MHT CET · Maths · Vector Algebra
If \(\mathrm{A}(-1,2,3), \mathrm{B}(3,-2,1), \mathrm{C}(2,1,3)\) and \(\mathrm{D}(-1,-2,4)\) are the vertices of a tetrahedron, then its volume is
- A \(\frac{16}{3}\) Cu. units
- B \(\frac{13}{6}\) cu. units
- C \(\frac{16}{31}\) CU. units
- D \(\frac{31}{6}\) cu. units
Answer & Solution
Correct Answer
(A) \(\frac{16}{3}\) Cu. units
Step-by-step Solution
Detailed explanation
We have \(\overline{A B}=4 \hat{i}-4 \hat{j}-2 \hat{k}, \overline{A C}=3 \hat{i}-\hat{j}\) and \(\overline{A D}=-4 \bar{j}+\bar{k}\)

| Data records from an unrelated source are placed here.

(* Let $G$ be a simple graph on vertex set $\{1,\dots,n\}$. The lexicographic algorithm (Algorithm 1) applied to $G$ returns "failure" if and only if $G$ is not twin-free; and if $G$ is twin-free, the set $C_n$ it returns is an identifying code of $G$.
   Context: Vertices of $G$ are identified with the integers $1,\dots,n$ and ordered by the usual order. For a vertex $v$, $N(v)=\{v\}\cup\{w : vw\in E(G)\}$ is its closed neighbourhood. A set $C\subseteq V(G)$ is an identifying code if the sets $N(v)\cap C$, $v\in V(G)$, are all nonempty and pairwise distinct. $G$ is twin-free if $N(v)\neq N(w)$ for all distinct vertices $v,w$. The lexicographic algorithm (Algorithm 1): set $C_0=\emptyset$. For $j=1,2,\dots,n$ in turn: (i) if $N(j)\cap C_{j-1}=\emptyset$, set $C_j=C_{j-1}\cup\{\min N(j)\}$; (ii) otherwise, if there exists $k\in\{1,\dots,j-1\}$ with $N(k)\cap C_{j-1}=N(j)\cap C_{j-1}$, let $k$ be the least such index; if $N(j)\neq N(k)$ set $C_j=C_{j-1}\cup\{\min(N(j)\triangle N(k))\}$, while if $N(j)=N(k)$ the algorithm stops immediately and returns "failure"; (iii) otherwise set $C_j=C_{j-1}$. If the algorithm never fails, it returns $C_n$. Here $\triangle$ denotes symmetric difference. *)

theory Defs
  imports Main
begin

text \<open>A simple graph on vertex set {1..n} is given by a symmetric irreflexive
  adjacency relation E on nat; only vertices in {1..n} are considered.\<close>

definition simple_graph :: "(nat \<Rightarrow> nat \<Rightarrow> bool) \<Rightarrow> bool" where
  "simple_graph E \<longleftrightarrow> (\<forall>v w. E v w \<longrightarrow> E w v) \<and> (\<forall>v. \<not> E v v)"

definition cnbh :: "(nat \<Rightarrow> nat \<Rightarrow> bool) \<Rightarrow> nat \<Rightarrow> nat \<Rightarrow> nat set" where
  "cnbh E n v = {v} \<union> {w \<in> {1..n}. E v w}"

definition twin_free :: "(nat \<Rightarrow> nat \<Rightarrow> bool) \<Rightarrow> nat \<Rightarrow> bool" where
  "twin_free E n \<longleftrightarrow> (\<forall>v\<in>{1..n}. \<forall>w\<in>{1..n}. v \<noteq> w \<longrightarrow> cnbh E n v \<noteq> cnbh E n w)"

definition identifying_code :: "(nat \<Rightarrow> nat \<Rightarrow> bool) \<Rightarrow> nat \<Rightarrow> nat set \<Rightarrow> bool" where
  "identifying_code E n C \<longleftrightarrow> C \<subseteq> {1..n} \<and>
     (\<forall>v\<in>{1..n}. cnbh E n v \<inter> C \<noteq> {}) \<and>
     (\<forall>v\<in>{1..n}. \<forall>w\<in>{1..n}. v \<noteq> w \<longrightarrow> cnbh E n v \<inter> C \<noteq> cnbh E n w \<inter> C)"

text \<open>One step j of Algorithm 1 applied to the current set C = C_{j-1};
  None encodes "failure".\<close>
definition lex_step :: "(nat \<Rightarrow> nat \<Rightarrow> bool) \<Rightarrow> nat \<Rightarrow> nat \<Rightarrow> nat set \<Rightarrow> nat set option" where
  "lex_step E n j C =
     (if cnbh E n j \<inter> C = {} then Some (C \<union> {Min (cnbh E n j)})
      else if \<exists>k\<in>{1..<j}. cnbh E n k \<inter> C = cnbh E n j \<inter> C then
        (let k = (LEAST k. k \<in> {1..<j} \<and> cnbh E n k \<inter> C = cnbh E n j \<inter> C) in
         if cnbh E n j \<noteq> cnbh E n k
         then Some (C \<union> {Min ((cnbh E n j - cnbh E n k) \<union> (cnbh E n k - cnbh E n j))})
         else None)
      else Some C)"

fun lex_run :: "(nat \<Rightarrow> nat \<Rightarrow> bool) \<Rightarrow> nat \<Rightarrow> nat \<Rightarrow> nat set option" where
  "lex_run E n 0 = Some {}"
| "lex_run E n (Suc j) = (case lex_run E n j of None \<Rightarrow> None | Some C \<Rightarrow> lex_step E n (Suc j) C)"

definition lex_algorithm :: "(nat \<Rightarrow> nat \<Rightarrow> bool) \<Rightarrow> nat \<Rightarrow> nat set option" where
  "lex_algorithm E n = lex_run E n n"

end

theory Submission
  imports Defs
begin

text \<open>The run of Algorithm 1 keeps the invariant that after step j the current set is an
  identifying code for the first j vertices. In each step the new vertex j + 1 is dominated and
  separated from all earlier vertices: if it has no codeword, its minimal neighbour is added,
  which cannot be the only codeword of an earlier vertex; if its trace N(j + 1) \<inter> C equals
  that of an earlier vertex k, a vertex of the symmetric difference of the two neighbourhoods is
  added, which separates j + 1 from k and, since adding codewords keeps separated vertices
  separated, from every other earlier vertex. The only way to stop is two equal closed
  neighbourhoods, i.e. twins; conversely, the identifying code returned otherwise witnesses
  twin-freeness.\<close>

definition identifies_upto :: "(nat \<Rightarrow> nat \<Rightarrow> bool) \<Rightarrow> nat \<Rightarrow> nat \<Rightarrow> nat set \<Rightarrow> bool" where
  "identifies_upto E n j C \<longleftrightarrow> C \<subseteq> {1..n} \<and>
     (\<forall>v\<in>{1..j}. cnbh E n v \<inter> C \<noteq> {}) \<and>
     (\<forall>v\<in>{1..j}. \<forall>w\<in>{1..j}. v \<noteq> w \<longrightarrow> cnbh E n v \<inter> C \<noteq> cnbh E n w \<inter> C)"

lemma identifies_uptoD:
  assumes "identifies_upto E n j C"
  shows identifies_upto_subset: "C \<subseteq> {1..n}"
    and identifies_upto_dominates: "v \<in> {1..j} \<Longrightarrow> cnbh E n v \<inter> C \<noteq> {}"
    and identifies_upto_separates:
      "v \<in> {1..j} \<Longrightarrow> w \<in> {1..j} \<Longrightarrow> v \<noteq> w \<Longrightarrow> cnbh E n v \<inter> C \<noteq> cnbh E n w \<inter> C"
  using assms unfolding identifies_upto_def by auto

lemma identifies_upto_0: "identifies_upto E n 0 {}"
  by (simp add: identifies_upto_def)

lemma identifies_upto_self_iff: "identifies_upto E n n C \<longleftrightarrow> identifying_code E n C"
  by (simp add: identifies_upto_def identifying_code_def)

lemma identifying_code_imp_twin_free: "identifying_code E n C \<Longrightarrow> twin_free E n"
  unfolding identifying_code_def twin_free_def by metis

lemma cnbh_subset: "v \<in> {1..n} \<Longrightarrow> cnbh E n v \<subseteq> {1..n}"
  unfolding cnbh_def by auto

lemma finite_cnbh: "finite (cnbh E n v)"
  unfolding cnbh_def by auto

lemma cnbh_self: "v \<in> cnbh E n v"
  unfolding cnbh_def by auto

lemma inter_neq_superset: "C \<subseteq> D \<Longrightarrow> A \<inter> C \<noteq> B \<inter> C \<Longrightarrow> A \<inter> D \<noteq> B \<inter> D"
  by blast

lemma identifies_upto_Suc:
  assumes I: "identifies_upto E n j C" and "C \<subseteq> D" and "D \<subseteq> {1..n}"
    and "cnbh E n (Suc j) \<inter> D \<noteq> {}"
    and "\<And>u. u \<in> {1..j} \<Longrightarrow> cnbh E n u \<inter> D \<noteq> cnbh E n (Suc j) \<inter> D"
  shows "identifies_upto E n (Suc j) D"
proof -
  have "cnbh E n v \<inter> D \<noteq> {}" if "v \<in> {1..j}" for v
    using identifies_upto_dominates[OF I that] \<open>C \<subseteq> D\<close> by auto
  moreover have "cnbh E n v \<inter> D \<noteq> cnbh E n w \<inter> D"
    if "v \<in> {1..j}" "w \<in> {1..j}" "v \<noteq> w" for v w
    using identifies_upto_separates[OF I that] \<open>C \<subseteq> D\<close> by (rule inter_neq_superset[rotated])
  moreover have "{1..Suc j} = insert (Suc j) {1..j}" by auto
  ultimately show ?thesis
    unfolding identifies_upto_def using assms(3-5) by (metis insert_iff)
qed

lemma lex_step_uncovered:
  assumes I: "identifies_upto E n j C" and j: "Suc j \<le> n"
    and uncovered: "cnbh E n (Suc j) \<inter> C = {}"
  shows "\<exists>D. lex_step E n (Suc j) C = Some D \<and> identifies_upto E n (Suc j) D"
proof -
  define m where "m = Min (cnbh E n (Suc j))"
  have m: "m \<in> cnbh E n (Suc j)"
    unfolding m_def using cnbh_self[of "Suc j" E n] by (intro Min_in finite_cnbh) blast
  have trace: "cnbh E n (Suc j) \<inter> (C \<union> {m}) = {m}"
    using uncovered m by blast
  have "m \<notin> C" using uncovered m by blast
  then have separated: "cnbh E n u \<inter> (C \<union> {m}) \<noteq> cnbh E n (Suc j) \<inter> (C \<union> {m})"
    if "u \<in> {1..j}" for u
    using identifies_upto_dominates[OF I that] unfolding trace by auto
  have "C \<union> {m} \<subseteq> {1..n}"
    using identifies_upto_subset[OF I] m cnbh_subset[of "Suc j" n E] j by auto
  then have "identifies_upto E n (Suc j) (C \<union> {m})"
    by (rule identifies_upto_Suc[OF I Un_upper1 _ _ separated]) (simp add: trace m)
  moreover have "lex_step E n (Suc j) C = Some (C \<union> {m})"
    using uncovered unfolding lex_step_def m_def by simp
  ultimately show ?thesis by blast
qed

lemma lex_step_unmatched:
  assumes I: "identifies_upto E n j C"
    and covered: "cnbh E n (Suc j) \<inter> C \<noteq> {}"
    and unmatched: "\<not> (\<exists>k\<in>{1..<Suc j}. cnbh E n k \<inter> C = cnbh E n (Suc j) \<inter> C)"
  shows "lex_step E n (Suc j) C = Some C \<and> identifies_upto E n (Suc j) C"
proof
  show "lex_step E n (Suc j) C = Some C"
    using covered unmatched unfolding lex_step_def by simp
  show "identifies_upto E n (Suc j) C"
    using identifies_upto_Suc[OF I order_refl identifies_upto_subset[OF I] covered] unmatched
    by auto
qed

lemma identifies_upto_Suc_add_sym_diff:
  assumes I: "identifies_upto E n j C" and k: "k \<in> {1..j}"
    and same_trace: "cnbh E n k \<inter> C = cnbh E n (Suc j) \<inter> C"
    and covered: "cnbh E n (Suc j) \<inter> C \<noteq> {}" and "x \<in> {1..n}"
    and x: "x \<in> (cnbh E n (Suc j) - cnbh E n k) \<union> (cnbh E n k - cnbh E n (Suc j))"
  shows "identifies_upto E n (Suc j) (C \<union> {x})"
proof (rule identifies_upto_Suc[OF I Un_upper1])
  show "C \<union> {x} \<subseteq> {1..n}" using identifies_upto_subset[OF I] \<open>x \<in> {1..n}\<close> by blast
  show "cnbh E n (Suc j) \<inter> (C \<union> {x}) \<noteq> {}" using covered by auto
next
  fix u assume u: "u \<in> {1..j}"
  show "cnbh E n u \<inter> (C \<union> {x}) \<noteq> cnbh E n (Suc j) \<inter> (C \<union> {x})"
  proof (cases "u = k")
    case True
    show ?thesis unfolding True using x by auto
  next
    case False
    have "cnbh E n u \<inter> C \<noteq> cnbh E n (Suc j) \<inter> C"
      using identifies_upto_separates[OF I u k False] same_trace by simp
    then show ?thesis by (rule inter_neq_superset[OF Un_upper1])
  qed
qed

lemma lex_step_matched:
  assumes I: "identifies_upto E n j C" and j: "Suc j \<le> n"
    and covered: "cnbh E n (Suc j) \<inter> C \<noteq> {}"
    and matched: "\<exists>k\<in>{1..<Suc j}. cnbh E n k \<inter> C = cnbh E n (Suc j) \<inter> C"
  shows "case lex_step E n (Suc j) C of None \<Rightarrow> \<not> twin_free E n
           | Some D \<Rightarrow> identifies_upto E n (Suc j) D"
proof -
  define N where "N = cnbh E n"
  define k where "k = (LEAST k. k \<in> {1..<Suc j} \<and> N k \<inter> C = N (Suc j) \<inter> C)"
  have "k \<in> {1..<Suc j} \<and> N k \<inter> C = N (Suc j) \<inter> C"
    unfolding k_def by (rule LeastI_ex) (use matched in \<open>auto simp: N_def\<close>)
  then have k: "k \<in> {1..j}" and same_trace: "N k \<inter> C = N (Suc j) \<inter> C" by auto
  have step: "lex_step E n (Suc j) C = (if N (Suc j) \<noteq> N k
      then Some (C \<union> {Min ((N (Suc j) - N k) \<union> (N k - N (Suc j)))}) else None)"
    using covered matched unfolding lex_step_def N_def k_def[unfolded N_def, symmetric]
    by (simp add: Let_def)
  have kj: "k \<in> {1..n}" "Suc j \<in> {1..n}" "k \<noteq> Suc j" using k j by auto
  show ?thesis
  proof (cases "N (Suc j) = N k")
    case True
    then have "\<not> twin_free E n" using kj unfolding twin_free_def N_def by metis
    then show ?thesis using step True by simp
  next
    case False
    define x where "x = Min ((N (Suc j) - N k) \<union> (N k - N (Suc j)))"
    have x: "x \<in> (N (Suc j) - N k) \<union> (N k - N (Suc j))"
      using finite_cnbh[of E n] False unfolding x_def N_def by (intro Min_in) auto
    moreover have "x \<in> {1..n}"
      using x cnbh_subset[OF kj(1)] cnbh_subset[OF kj(2)] unfolding N_def by blast
    ultimately have "identifies_upto E n (Suc j) (C \<union> {x})"
      using identifies_upto_Suc_add_sym_diff[OF I k same_trace[unfolded N_def] covered]
      unfolding N_def by blast
    then show ?thesis using step False unfolding x_def by simp
  qed
qed

lemma lex_step_correct:
  assumes "identifies_upto E n j C" and "Suc j \<le> n"
  shows "case lex_step E n (Suc j) C of None \<Rightarrow> \<not> twin_free E n
           | Some D \<Rightarrow> identifies_upto E n (Suc j) D"
proof (cases "cnbh E n (Suc j) \<inter> C = {}")
  case True
  then show ?thesis using lex_step_uncovered[OF assms] by auto
next
  case False
  then show ?thesis
    using lex_step_unmatched[OF assms(1)] lex_step_matched[OF assms] by fastforce
qed

lemma lex_run_correct:
  "j \<le> n \<Longrightarrow> (case lex_run E n j of None \<Rightarrow> \<not> twin_free E n
                | Some C \<Rightarrow> identifies_upto E n j C)"
proof (induction j)
  case 0
  then show ?case by (simp add: identifies_upto_0)
next
  case (Suc j)
  then show ?case
    using lex_step_correct[of E n j] by (cases "lex_run E n j") auto
qed

theorem proposition1:
  fixes E :: "nat \<Rightarrow> nat \<Rightarrow> bool" and n :: nat
  assumes "simple_graph E"
  shows "(lex_algorithm E n = None \<longleftrightarrow> \<not> twin_free E n) \<and>
         (twin_free E n \<longrightarrow> (\<exists>C. lex_algorithm E n = Some C \<and> identifying_code E n C))"
proof (cases "lex_algorithm E n")
  case None
  then show ?thesis
    using lex_run_correct[of n n E] unfolding lex_algorithm_def by simp
next
  case (Some C)
  then have "identifying_code E n C"
    using lex_run_correct[of n n E] identifies_upto_self_iff
    unfolding lex_algorithm_def by simp
  then show ?thesis using Some by (simp add: identifying_code_imp_twin_free)
qed

end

Volume of tetrahedron \(=\frac{1}{6}[\overline{\mathrm{AB}} \overline{\mathrm{AC}} \overline{\mathrm{AD}}]\)
\(
\begin{array}{l}
=\frac{1}{6}\left|\begin{array}{ccc}
4 & -4 & -2 \\
3 & -1 & 0 \\
0 & -4 & 1
\end{array}\right| \end{array}\)
\(=\frac{1}{6}[4(-1)+4(3)-2(-12)]=\frac{1}{6}(-4+12+24)=\) \(\frac{32}{6}=\frac{16}{3}\)
Volume of tetrahedron \(=\frac{1}{6}[\overline{\mathrm{AB}} \overline{\mathrm{AC}} \overline{\mathrm{AD}}]\)
\(
\begin{array}{l}
=\frac{1}{6}\left|\begin{array}{ccc}
4 & -4 & -2 \\
3 & -1 & 0 \\
0 & -4 & 1
\end{array}\right| \end{array}\)
\(=\frac{1}{6}[4(-1)+4(3)-2(-12)]=\frac{1}{6}(-4+12+24)=\) \(\frac{32}{6}=\frac{16}{3}\)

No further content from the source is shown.